Although nobody likes to talk about it, it is by no means unusual to experience stress at work.
It’s a problem that now affects one in three people. While the incidence of mental illness is not increasing, related absences are. Employees should therefore closely examine their working conditions and working environment and ask themselves the following questions: What exactly restricts staff? How can their situation and thus their effectiveness be improved? The relevance of this issue is not restricted to the office, however – it also applies to manual assembly in production. It covers strategies for preventing chronic pain caused by mental stress, for example. Work benches, chairs and factory equipment play a key part in combating mental stress in the workplace – they should be individually adjustable and adaptable both to production requirements and the needs of employees.
Stress in the workplace – clear statistics
When employees have mental health issues and are unable to work productively, this is not generally due to a single cause. A top priority therefore has to be creating a positive environment. There is still work to be done in this respect, however. According to the German Federal Ministry of Labour and Social Affairs, the number of sick days caused by stress has more than doubled since 2007. In addition, a study by Techniker Krankenkasse (a German statutory health insurance provider) found that mental health issues were the most common reason for sick days in 2018. When the pace of life is as fast as it is today, change is constant. Of course, all that change takes a toll – ramping up stress, with inevitable negative mental health impacts. While these may initially present as reduced concentration and signs of fatigue, they can go on to cause burnout or depression.
The close links between mind and body are well established. For example, the increased muscle tension associated with mental health issues can quickly lead to spasms and chronic pain, which in turn cause further problems. It’s a vicious circle that has a negative impact on the performance of the employees concerned, and can even lead to absence due to illness. One way or another, the productivity of the company also takes a hit. Employers should therefore do all they can to ensure their staff have a positive working environment. There is a wide range of potential measures to combat psychological stress in the workplace, including adapting areas of activity, reconfiguring work organisation and processes and taking account of ergonomic principles.
Ergonomics to take the strain off staff
Factors such as work satisfaction should not be underestimated. In addition to the positive effect on mental wellbeing and work output, it also reduces staff turnover and illness rates. Ergonomic principles are therefore of vital importance, as they take into account the specific requirements of each individual member of staff. These principles include modifying the lighting as a measure to counter stress in the workplace. Less-than-optimum lighting conditions have direct negative effects on employees’ concentration and thus also performance – they literally lose sight of their actual work. Flickering, excessively bright or dazzling light should be avoided, for example, as should overly stark contrasts and increased shadows.

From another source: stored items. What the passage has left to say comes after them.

lemma int_span_powersI: "x = (\<Sum>i<N. of_int (c i) * \<alpha> ^ i) \<Longrightarrow> x \<in> int_span_powers \<alpha> N"
  unfolding int_span_powers_def by blast

lemma int_span_powers_zero: "0 \<in> int_span_powers \<alpha> N"
  unfolding int_span_powers_def by (rule CollectI, rule exI[of _ "\<lambda>_. 0"]) simp

lemma int_span_powers_add:
  assumes "x \<in> int_span_powers \<alpha> N" "z \<in> int_span_powers \<alpha> N"
  shows "x + z \<in> int_span_powers \<alpha> N"
proof -
  obtain c d where "x = (\<Sum>i<N. of_int (c i) * \<alpha> ^ i)" "z = (\<Sum>i<N. of_int (d i) * \<alpha> ^ i)"
    using assms unfolding int_span_powers_def by blast
  then have "x + z = (\<Sum>i<N. of_int (c i + d i) * \<alpha> ^ i)"
    by (simp add: sum.distrib distrib_right)
  then show ?thesis by (rule int_span_powersI)
qed

lemma int_span_powers_of_int_mult:
  assumes "x \<in> int_span_powers \<alpha> N"
  shows "of_int k * x \<in> int_span_powers \<alpha> N"
proof -
  obtain c where "x = (\<Sum>i<N. of_int (c i) * \<alpha> ^ i)"
    using assms unfolding int_span_powers_def by blast
  then have "of_int k * x = (\<Sum>i<N. of_int (k * c i) * \<alpha> ^ i)"
    by (simp add: sum_distrib_left mult.assoc)
  then show ?thesis by (rule int_span_powersI)
qed

lemma int_span_powers_sum:
  "finite A \<Longrightarrow> (\<And>a. a \<in> A \<Longrightarrow> f a \<in> int_span_powers \<alpha> N) \<Longrightarrow> sum f A \<in> int_span_powers \<alpha> N"
  by (induction A rule: finite_induct) (auto intro: int_span_powers_zero int_span_powers_add)
lemma parts_2_3_gf_rec:
  "parts_2_3_gf = (1 + fps_X ^ 2 + fps_X ^ 4) * inverse (1 - fps_X ^ 3) + fps_X ^ 6 * (parts_2_3_gf :: 'a::field fps)"
proof -
  let ?u = "\<lambda>c. inverse (1 - fps_X ^ c :: 'a fps)"
  have "?u 2 * ?u 3 - fps_X ^ 6 * (?u 2 * ?u 3) = (?u 2 * (1 - fps_X ^ 2)) * (1 + fps_X ^ 2 + fps_X ^ 4) * ?u 3"
    by (simp add: algebra_simps flip: power_add)
  also have "?u 2 * (1 - fps_X ^ 2) = 1"
    by (intro inverse_mult_eq_1) simp
  finally show ?thesis
    unfolding parts_2_3_gf_def by (simp only: mult_1_left diff_eq_eq)
qed

lemma parts_2_3_gf_nth_ge: "of_nat (m div 6) \<le> (parts_2_3_gf :: 'a::linordered_field fps) $ m"
proof (induction m rule: less_induct)
  case (less m)
  show ?case
  proof (cases "m < 6")
    case True
    from fps_le_nth[OF fps_le_zero_if_fps_le_one[OF one_le_parts_2_3_gf], of m] True show ?thesis
      by simp
  next
    case False
    have "3 dvd m \<or> 3 dvd (m - 2) \<or> 3 dvd (m - 4)"
      using False by presburger
    then have "1 \<le> ((1 + fps_X ^ 2 + fps_X ^ 4) * inverse (1 - fps_X ^ 3) :: 'a fps) $ m"
      using False by (auto simp: algebra_simps fps_X_power_mult_nth fps_inverse_one_minus_X_power_nth)
    moreover have "(parts_2_3_gf :: 'a fps) $ m
        = ((1 + fps_X ^ 2 + fps_X ^ 4) * inverse (1 - fps_X ^ 3) :: 'a fps) $ m + parts_2_3_gf $ (m - 6)"
      using False by (subst parts_2_3_gf_rec) (simp add: fps_X_power_mult_nth)
    moreover have "m div 6 = Suc ((m - 6) div 6)"
      using False by (simp add: div_if)
    ultimately show ?thesis
      using less.IH[of "m - 6"] False by simp
  qed
qed

lemma qpoch_fin_Suc_shift:
  "qpoch_fin a b (Suc N) = (1 - fps_X ^ a) * (qpoch_fin (a + b) b N :: 'a::comm_ring_1 fps)"
  unfolding qpoch_fin_def prod.lessThan_Suc_shift by (simp add: algebra_simps)
lemma is_PhiStar_eq_normalized_solution:
  assumes "\<And>j. j < r \<Longrightarrow> circle_measure (\<mu> j)"
  shows "is_PhiStar r \<mu> n m = normalized_solution {- int (tot r m)..int (tot r n)} (- int (tot r m))
    (PhiStar_conditions r n m) (moment_matrix \<mu>)"
  using integral_laurent_eval_mult_power_int[OF assms]
  by (auto simp: fun_eq_iff is_PhiStar_def normalized_solution_def PhiStar_conditions_def
      moment_matrix_def toeplitz_def)

lemma normal_iff_kernel_trivial:
  assumes "\<And>j. j < r \<Longrightarrow> circle_measure (\<mu> j)"
  shows "normal r \<mu> n m \<longleftrightarrow>
    kernel_trivial {- int (tot r m)..int (tot r n) - 1} (Phi_conditions r n m) (moment_matrix \<mu>)"
proof -
  have I: "finite {- int (tot r m)..int (tot r n)}" "int (tot r n) \<in> {- int (tot r m)..int (tot r n)}"
    by simp_all
  have C: "finite (Phi_conditions r n m)"
    by (simp add: Phi_conditions_def)
  have S: "{- int (tot r m)..int (tot r n)} - {int (tot r n)} = {- int (tot r m)..int (tot r n) - 1}"
    by auto
  have card: "card (Phi_conditions r n m) = card ({- int (tot r m)..int (tot r n)} - {int (tot r n)})"
    unfolding S card_Phi_conditions by simp
  show ?thesis
    using unique_normalized_solution_iff_kernel_trivial[OF I C card]
    by (simp add: normal_def is_Phi_eq_normalized_solution[OF assms] S)
qed

lemma unique_PhiStar_iff_kernel_trivial:
  assumes "\<And>j. j < r \<Longrightarrow> circle_measure (\<mu> j)"
  shows "(\<exists>!c. is_PhiStar r \<mu> n m c) \<longleftrightarrow>
    kernel_trivial {- int (tot r m) + 1..int (tot r n)} (PhiStar_conditions r n m) (moment_matrix \<mu>)"
proof -
  have I: "finite {- int (tot r m)..int (tot r n)}" "- int (tot r m) \<in> {- int (tot r m)..int (tot r n)}"
    by simp_all
  have C: "finite (PhiStar_conditions r n m)"
    by (simp add: PhiStar_conditions_def)
  have S: "{- int (tot r m)..int (tot r n)} - {- int (tot r m)} = {- int (tot r m) + 1..int (tot r n)}"
    by auto
  have card: "card (PhiStar_conditions r n m) = card ({- int (tot r m)..int (tot r n)} - {- int (tot r m)})"
    unfolding S card_PhiStar_conditions by simp
  show ?thesis
    using unique_normalized_solution_iff_kernel_trivial[OF I C card]
    by (simp add: is_PhiStar_eq_normalized_solution[OF assms] S)
qed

The symptoms of tiredness that arise drive up error rates. Well thought-out and needs-based lighting, on the other hand, helps boost performance. It should be noted, however, that lighting levels should always be tailored to the task at hand. Generally speaking, lighting should be even with soft shadows. A holistic approach is also needed when setting up a work bench. For example, when using a modular system, work benches can be individually adapted to various processes and requirements. These ergonomic, height-adjustable work benches eliminate the need for unnecessary and stressful movements, which is the basis for finding a perfect solution for every employee.
Lean principles as a countermeasure for stress in the workplace
Material supply and tool stowage also play a major role. In this case there are special optical aids to make things easier for employees, including different-colored containers and a consistently applied labeling system. This helps prevent material being mixed up, which in turn eases time pressure and stress. In addition, providing information on monitors integrated directly into the work bench also has a part to play in optimizing manual production processes. Companies aiming to both take the strain off their employees and boost their efficiency should also think about the combination of working processes. There is factory equipment specially designed with this in mind. For example, the 4E FIFO-Shooter from item combines a height-adjustable work bench with a FIFO rack.
This is an example of how lean production optimizes working processes. This combination ensures factory equipment can be rapidly reconfigured when manufacturing different variants. The look and properties of the work bench also have a direct impact on well being. In this respect, the 5S method is ideal as a measure that will achieve rapid results in reducing stress in the workplace. This is also based on lean production principles and consists of five steps – “sort”, “set in order”, “shine”, “standardize” and “self-discipline”. The cleanliness, order and safety of a working environment organized in line with 5S ensure employees feel more comfortable. Ultimately, this satisfaction boosts their performance capabilities. What’s more, having a structured working environment can help new staff get to grips with their tasks faster.